I AM talking about taking a five minute drive up to 7-11 to get coffee after taking Bear for a miles-long hike, and coming back to find my bed across the room.
I'm talking about leaving him alone for three hours after such a walk, in the crate, and coming home to find that he's bent the bottom bars of his crate, bashed his face into the grating in attempts to escape (wounding himself), and somehow tore all of the carpet in front of the crate down to bare concrete.
Bear is not left alone for very long at all during the course of an average day. ****, on an average day, he's not alone at all! He gets left for, at the absolute most...READ: THIS IS NOT AN AVERAGE DAY, BUT AN EXTREME CIRCUMSTANCE BY OUR STANDARDS _*( *** Deleted, insults *** )*_The longest he was left alone was about *five hours*.
Look, we're having trouble getting him to cope with us not being around, and are seeking solutions to a problem without resorting to abandonment. That's all. 
To those of you whom answered genuinely, with suggestion backed up by experience or research - thank you for your help. 

* *** Last Paragraph Deleted by MOD ****


----------



## Jax's Mom (Apr 2, 2010)

Shepherds are more of a lifestyle than a pet. Be honest with yourself. If your dog is doing that much damage when you're out, you're not giving him enough attention. If you walk him 8 hours a day and he still does it, he might need 9... or 24, who knows.
You're right, you shouldn't have to sacrifice your life for your dog, but if you consider spending that much time with your dog a "sacrifice", maybe the dog and your family aren't a good match. 
I spend quite a bit of time with my dogs, but that's not because I'm such an awesome dog owner, I just prefer their company to going "out". (my "out" is out_side_ with the dogs)... The only reason I socialize with people at all is because our dogs are friends (hence my username. A lot of my "friends" don't even know my real name and refer to me as Jax's Mom )


----------



## fuzzybunny (Apr 29, 2011)

My guy Jazz sounds very similar to Bear. We had a wire crate and he somehow managed to find a way to escape and destroy everything. We ended up buying metal zip ties and tying all the walls together. That kept him in and when he realized he couldn't get out he stopped trying. 

Your guy sounds like he's even stronger which is why the only solution I see is buying a brand new heavy duty crate and praying it works. By your last post you definitely sound like you're exercising him more than enough. If a new crate doesn't do the trick then the only other options I can think of are medicating him, or finding a doggy daycare if that's financially feasible. I'm sorry you're having a difficult time and I really do wish you all the best and hope you find a method that works. Good luck.


----------



## WVGSD (Nov 28, 2006)

Whitefawkes:

Here are two other suggestions that work with separation anxiety dogs - the first is the medication called Clomipramine or Clomicalm (brand name). He will probably need the higher dose, but this might help take the edge off of the anxiety while you continue to work with him. Clomipramine (generic and much cheaper than brand name Clomicalm) is the only current FDA-approved medication for dogs with separation anxiety. I have used it with my personal dogs and with my foster rescued dogs too. 

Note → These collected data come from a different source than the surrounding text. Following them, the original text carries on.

(* Let voters (and their proposals) be points of $[0,1]$, distributed according to the uniform distribution, with density $f(x)=1$ on $[0,1]$. Each voter prefers, between two proposals, the one closer to its own position. Consider one round of Triadic voting: three voters $X_1,X_2,X_3$ are drawn independently from the uniform distribution on $[0,1]$. Each voter votes for whichever of the other two proposals is closer to it, and the proposal receiving the most votes wins. Let $g_{\text{Triadic}}(x)$ denote the probability density of the winning proposal's position. Consider one round of Hot-or-Not voting: two candidate proposals $X, Y$ and one voter $Z$ are drawn independently from the uniform distribution on $[0,1]$. The voter $Z$ votes for whichever of $X,Y$ is closer to $Z$, and that proposal wins. Let $g_{\text{Hot-or-Not}}(x)$ denote the probability density of the winning proposal's position. Then, for $x\in[0,1]$, \[ g_{\text{Triadic}}(x)=6x(1-x), \qquad g_{\text{Hot-or-Not}}(x)=3x(1-x)+\tfrac12 . \] In particular, \[ g_{\text{Hot-or-Not}}(x)=\tfrac12 g_{\text{Triadic}}(x)+\tfrac12 f(x). \]
   Context: This is a one-dimensional (single-peaked) model of proposals: each voter's opinion is a real number in $[0,1]$, and each voter's proposal is that same number. A voter at position $z$ prefers proposal $a$ to proposal $b$ if $|z-a|<|z-b|$. Ties occur with probability zero. *)

theory Defs
  imports "HOL-Probability.Probability"
begin

definition unif01 :: "real measure" where
  "unif01 = uniform_measure lborel {0..1}"

definition votes_for :: "(nat \<Rightarrow> real) \<Rightarrow> nat \<Rightarrow> nat" where
  "votes_for p j = card {i \<in> {0,1,2}. i \<noteq> j \<and>
      \<bar>p i - p j\<bar> < \<bar>p i - p (3 - i - j)\<bar>}"

text \<open>Winner of one Triadic round: the proposal with the most votes
  (ties, a null event, are broken arbitrarily in favour of the later index).\<close>
definition triadic_winner :: "real \<Rightarrow> real \<Rightarrow> real \<Rightarrow> real" where
  "triadic_winner x1 x2 x3 =
     (let p = (\<lambda>i. if i = 0 then x1 else if i = 1 then x2 else x3) in
      if votes_for p 0 > votes_for p 1 \<and> votes_for p 0 > votes_for p 2 then x1
      else if votes_for p 1 > votes_for p 2 then x2 else x3)"

text \<open>Winner of one Hot-or-Not round: candidates x, y, voter z
  (ties, a null event, go to y).\<close>
definition hot_or_not_winner :: "real \<Rightarrow> real \<Rightarrow> real \<Rightarrow> real" where
  "hot_or_not_winner x y z = (if \<bar>z - x\<bar> < \<bar>z - y\<bar> then x else y)"

end

theory Submission
  imports Defs
begin

(*
  Off a null set the Triadic winner is the median of the three positions: each extreme
  voter is nearer to the middle proposal than to the opposite extreme, so the middle one
  gets two votes.  Hence the winner is at most a iff at least two of three independent
  uniform points are, which has probability 3a^2 - 2a^3.

  In Hot-or-Not the winner is at most a surely if both candidates x, y are, never if
  neither is, and otherwise iff the voter falls on the lower candidate's side of the
  midpoint (x + y)/2, an event of probability (x + y)/2.  Integrating over the candidates
  gives the distribution function a/2 + 3a^2/2 - a^3.  Differentiating both distribution
  functions yields the densities.
*)

abbreviation unif01_cube :: "(real \<times> real \<times> real) measure" where
  "unif01_cube \<equiv> unif01 \<Otimes>\<^sub>M (unif01 \<Otimes>\<^sub>M unif01)"

lemma unif01_eq_density: "unif01 = density lborel (indicator {0..1})"
  unfolding unif01_def uniform_measure_def by (simp add: divide_ennreal_def)

lemma sets_unif01 [measurable_cong]: "sets unif01 = sets borel"
  by (simp add: unif01_eq_density)

lemma space_unif01 [simp]: "space unif01 = UNIV"
  by (simp add: unif01_eq_density)

lemma prob_space_unif01: "prob_space unif01"
  unfolding unif01_def by (rule prob_space_uniform_measure) auto

lemma nn_integral_unif01:
  "f \<in> borel_measurable borel \<Longrightarrow> (\<integral>\<^sup>+x. f x \<partial>unif01) = (\<integral>\<^sup>+x\<in>{0..1}. f x \<partial>lborel)"
  by (simp add: unif01_eq_density nn_integral_density mult.commute)

lemma nn_integral_unif01_cube:
  assumes [measurable]: "h \<in> borel_measurable unif01_cube"
  shows "(\<integral>\<^sup>+w. h w \<partial>unif01_cube) =
    (\<integral>\<^sup>+x\<in>{0..1}. \<integral>\<^sup>+y\<in>{0..1}. \<integral>\<^sup>+z\<in>{0..1}. h (x, y, z) \<partial>lborel \<partial>lborel \<partial>lborel)"
proof -
  interpret U: prob_space unif01 by (rule prob_space_unif01)
  interpret UU: prob_space "unif01 \<Otimes>\<^sub>M unif01" by (intro prob_space_pair prob_space_unif01)
  have "(\<integral>\<^sup>+w. h w \<partial>unif01_cube) =
      (\<integral>\<^sup>+x. \<integral>\<^sup>+y. \<integral>\<^sup>+z. h (x, y, z) \<partial>unif01 \<partial>unif01 \<partial>unif01)"
    by (subst UU.nn_integral_fst[symmetric], measurable)
       (intro nn_integral_cong U.nn_integral_fst[symmetric], measurable)
  also have "\<dots> = (\<integral>\<^sup>+x\<in>{0..1}. \<integral>\<^sup>+y\<in>{0..1}. \<integral>\<^sup>+z\<in>{0..1}. h (x, y, z) \<partial>lborel \<partial>lborel \<partial>lborel)"
    by (subst nn_integral_unif01, measurable,
        intro nn_integral_cong arg_cong2[where f = "(*)"] refl nn_integral_unif01, measurable)+
  finally show ?thesis .
qed

lemma set_nn_integral_indicator_atMost:
  assumes "{z \<in> A. W z \<le> a} \<in> sets M"
  shows "(\<integral>\<^sup>+z\<in>A. indicator {..a} (W z) \<partial>M) = emeasure M {z \<in> A. W z \<le> a}"
proof -
  have "(\<integral>\<^sup>+z\<in>A. indicator {..a} (W z) \<partial>M) = (\<integral>\<^sup>+z. indicator {z \<in> A. W z \<le> a} z \<partial>M)"
    by (intro nn_integral_cong) (simp split: split_indicator)
  with assms show ?thesis
    by simp
qed

lemma emeasure_unif01_cube_le:
  fixes X :: "real \<times> real \<times> real \<Rightarrow> real"
  assumes [measurable]: "X \<in> borel_measurable unif01_cube"
  shows "emeasure unif01_cube {w \<in> space unif01_cube. X w \<le> a} =
    (\<integral>\<^sup>+x\<in>{0..1}. \<integral>\<^sup>+y\<in>{0..1}. \<integral>\<^sup>+z\<in>{0..1}. indicator {..a} (X (x, y, z)) \<partial>lborel \<partial>lborel \<partial>lborel)"
proof -
  have "{w \<in> space unif01_cube. X w \<le> a} \<in> sets unif01_cube"
    by measurable
  then have "emeasure unif01_cube {w \<in> space unif01_cube. X w \<le> a} =
      (\<integral>\<^sup>+w. indicator {w \<in> space unif01_cube. X w \<le> a} w \<partial>unif01_cube)"
    by simp
  also have "\<dots> = (\<integral>\<^sup>+w. indicator {..a} (X w) \<partial>unif01_cube)"
    by (intro nn_integral_cong) (simp split: split_indicator)
  finally show ?thesis
    by (simp add: nn_integral_unif01_cube)
qed

lemma distributed_of_cdf_Icc:
  fixes X :: "'a \<Rightarrow> real" and p G :: "real \<Rightarrow> real"
  assumes "prob_space M" and [measurable]: "X \<in> borel_measurable M" "p \<in> borel_measurable borel"
    and "c \<le> d"
    and p_nonneg: "\<And>x. x \<in> {c..d} \<Longrightarrow> 0 \<le> p x"
    and G_deriv: "\<And>x. x \<in> {c..d} \<Longrightarrow> (G has_real_derivative p x) (at x)"
    and "G c = 0" "G d = 1"
    and cdf: "\<And>a. a \<in> {c..d} \<Longrightarrow> emeasure M {w \<in> space M. X w \<le> a} = ennreal (G a)"
  shows "distributed M lborel X (\<lambda>x. ennreal (indicator {c..d} x * p x))"
proof (rule distributedI_borel_atMost[where g = "\<lambda>a. G (max c (min d a))"])
  show "AE x in lborel. 0 \<le> indicator {c..d} x * p x"
    using p_nonneg by (simp split: split_indicator)
  fix a :: real
  show "(\<integral>\<^sup>+x. ennreal (indicator {c..d} x * p x * indicator {..a} x) \<partial>lborel) =
      ennreal (G (max c (min d a)))"
  proof (cases "a < c")
    case True
    then have "(\<integral>\<^sup>+x. ennreal (indicator {c..d} x * p x * indicator {..a} x) \<partial>lborel) =
        (\<integral>\<^sup>+(x::real). 0 \<partial>lborel)"
      by (intro nn_integral_cong) (simp split: split_indicator)
    with True \<open>G c = 0\<close> show ?thesis by simp
  next
    case False
    let ?s = "min d a"
    have "(\<integral>\<^sup>+x. ennreal (indicator {c..d} x * p x * indicator {..a} x) \<partial>lborel) =
        (\<integral>\<^sup>+x\<in>{c..?s}. ennreal (p x) \<partial>lborel)"
      by (intro nn_integral_cong) (simp split: split_indicator)
    also have "\<dots> = ennreal (G ?s - G c)"
      using False \<open>c \<le> d\<close> p_nonneg G_deriv by (intro nn_integral_FTC_Icc) auto
    finally show ?thesis
      using False \<open>c \<le> d\<close> \<open>G c = 0\<close> by (simp add: max_def)
  qed
  interpret prob_space M by fact
  consider "a < c" | "a \<in> {c..d}" | "d < a" by force
  then show "emeasure M {w \<in> space M. X w \<le> a} = ennreal (G (max c (min d a)))"
  proof cases
    case 1
    then have "emeasure M {w \<in> space M. X w \<le> a} \<le> emeasure M {w \<in> space M. X w \<le> c}"
      by (intro emeasure_mono) auto
    also have "\<dots> = 0"
      using cdf[of c] \<open>c \<le> d\<close> \<open>G c = 0\<close> by simp
    finally show ?thesis
      using 1 \<open>G c = 0\<close> by simp
  next
    case 2
    then show ?thesis
      using cdf by simp
  next
    case 3
    have "1 = emeasure M {w \<in> space M. X w \<le> d}"
      using cdf[of d] \<open>c \<le> d\<close> \<open>G d = 1\<close> by simp
    also have "\<dots> \<le> emeasure M {w \<in> space M. X w \<le> a}"
      using 3 by (intro emeasure_mono) auto
    finally have "emeasure M {w \<in> space M. X w \<le> a} = 1"
      using emeasure_le_1 by (rule antisym[rotated])
    with 3 \<open>c \<le> d\<close> \<open>G d = 1\<close> show ?thesis
      by simp
  qed
qed simp_all

lemma nn_integral_Icc_piecewise:
  fixes f g F G :: "real \<Rightarrow> real"
  assumes "c \<le> a" "a \<le> d"
    and f: "f \<in> borel_measurable borel" and g: "g \<in> borel_measurable borel"
    and F: "\<And>x. x \<in> {c..a} \<Longrightarrow> (F has_real_derivative f x) (at x)" "\<And>x. x \<in> {c..a} \<Longrightarrow> 0 \<le> f x"
    and G: "\<And>x. x \<in> {a..d} \<Longrightarrow> (G has_real_derivative g x) (at x)" "\<And>x. x \<in> {a..d} \<Longrightarrow> 0 \<le> g x"
    and v: "v = F a - F c + (G d - G a)"
  shows "(\<integral>\<^sup>+x\<in>{c..d}. ennreal (if x \<le> a then f x else g x) \<partial>lborel) = ennreal v"
proof -
  have "(\<integral>\<^sup>+x\<in>{c..d}. ennreal (if x \<le> a then f x else g x) \<partial>lborel) =
      (\<integral>\<^sup>+x. ennreal (f x) * indicator {c..a} x + ennreal (g x) * indicator {a..d} x \<partial>lborel)"
    using \<open>c \<le> a\<close> \<open>a \<le> d\<close>
    by (intro nn_integral_cong_AE eventually_mono[OF AE_lborel_singleton[of a]])
       (auto split: split_indicator)
  also have "\<dots> = (\<integral>\<^sup>+x\<in>{c..a}. ennreal (f x) \<partial>lborel) + (\<integral>\<^sup>+x\<in>{a..d}. ennreal (g x) \<partial>lborel)"
    using f g by (intro nn_integral_add) auto
  also have "\<dots> = ennreal (F a - F c) + ennreal (G d - G a)"
    by (simp only: nn_integral_FTC_Icc[OF f F \<open>c \<le> a\<close>] nn_integral_FTC_Icc[OF g G \<open>a \<le> d\<close>])
  also have "\<dots> = ennreal v"
  proof -
    have "F c \<le> F a"
      using \<open>c \<le> a\<close> by (rule DERIV_nonneg_imp_nondecreasing) (meson F atLeastAtMost_iff)
    moreover have "G a \<le> G d"
      using \<open>a \<le> d\<close> by (rule DERIV_nonneg_imp_nondecreasing) (meson G atLeastAtMost_iff)
    ultimately show ?thesis
      using v by simp
  qed
  finally show ?thesis .
qed

lemma abs_diff_less_abs_diff_iff:
  fixes x y z :: real
  shows "\<bar>z - x\<bar> < \<bar>z - y\<bar> \<longleftrightarrow> x < y \<and> z < (x + y) / 2 \<or> y < x \<and> (x + y) / 2 < z"
  by (auto simp: abs_if)

lemma borel_measurable_hot_or_not_winner [measurable]:
  "(\<lambda>(x, y, z). hot_or_not_winner x y z) \<in> borel_measurable unif01_cube"
  unfolding hot_or_not_winner_def by measurable

lemma hot_or_not_winner_le_given_xy:
  assumes "x \<in> {0..1}" "y \<in> {0..1}"
  shows "(\<integral>\<^sup>+z\<in>{0..1}. indicator {..a} (hot_or_not_winner x y z) \<partial>lborel) =
    ennreal (if x \<le> a \<and> y \<le> a then 1 else if x \<le> a \<or> y \<le> a then (x + y) / 2 else 0)"
proof -
  let ?Z = "{z \<in> {0..1}. hot_or_not_winner x y z \<le> a}"
  have "?Z \<in> sets lborel"
    unfolding hot_or_not_winner_def by measurable
  then have "(\<integral>\<^sup>+z\<in>{0..1}. indicator {..a} (hot_or_not_winner x y z) \<partial>lborel) = emeasure lborel ?Z"
    by (rule set_nn_integral_indicator_atMost)
  also have "?Z = (if x \<le> a \<and> y \<le> a then {0..1} else if x \<le> a then {0..<(x + y) / 2}
      else if y \<le> a then {0..(x + y) / 2} else {})"
    using assms by (auto simp: hot_or_not_winner_def abs_diff_less_abs_diff_iff)
  finally show ?thesis
    using assms by simp
qed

The second option is a truck dog box that is very literally indestructible. Here is a link with photos. These are the kind that many police dogs and hunting dogs are transported in and I have never heard of a dog getting out of one of these. There are no bars to bend and wire to mangle. In the house with air conditioning on, he should be quite comfortable. They are expensive, but can be a lifesaver for a dog like yours. 

Dog Boxes | Dog Crates For Hunting in Diamond Plate, Aluminum, Metal

I hope that these offer you some hope.


----------



## Jax's Mom (Apr 2, 2010)

removed quote from OP that needed editing, Jean - Admin

Dude, you asked for free advice from a bunch of strangers on the Internet, what level help were you expecting?
I hope flipping out at a bunch of people who don't care about you _all that much_ isn't indicative of the amount of patience you have for your dog.
They make indestructible, escape proof crates for dogs, so since we're not in your living room, that's likely the best advice you're gonna get. If you can't figure out how to deal with your dog, how are you expecting us to?
I'm sure there are trainers around who you can pay to visit your home who would be much more receptive to your cursing and creative use of CAPS LOCK.


----------



## wyominggrandma (Jan 2, 2011)

All I can say is WOW.... I don't think calling people stupid and dumb and using fake cuss words is really needed. Yes, some folks on here get a bit carried away at times with the I know more than you routine, BUT, you have come on a public forum to ask for help and without giving exact details, it is more a less guess on what is actually happening.
I also suggested crates, because in the first post there was no mention of using one. Since you did not say" we have used a crate and Bear dug out" etc how was anyone to know that you already have used a crate?
One thing I might possibly add, not trying to pretend that I know anything of course, is in all my years of training and showing and breeding dogs, I do see problems occur when the owners are so reactive to what the dog is doing, it worsens the problem. Just by your last nasty post at 7 am this morning, it shows me you get very agitated very easily and resort to cussing and yelling and telling us we can't comprend what you are saying and how stupid we are. You might want to work with a behaviorist, have one come to your home and see how you both react to the dog and deal with everyday life with the dog. Possibly your over reactions to just helpful posting on the forum is how your react to everything with Bear and he is playing his part with the vibes he is getting from you.


----------



## Stevenzachsmom (Mar 3, 2008)

Boyfriend of the OP.....Perhaps, if you had come here and calmly and clearly posted the details of what you had already tried to do with Bear - the crate, the exercise, the amount of time Bear was left alone, etc., you would have gotten more informed advice. You were given the best advice on the little information provided. 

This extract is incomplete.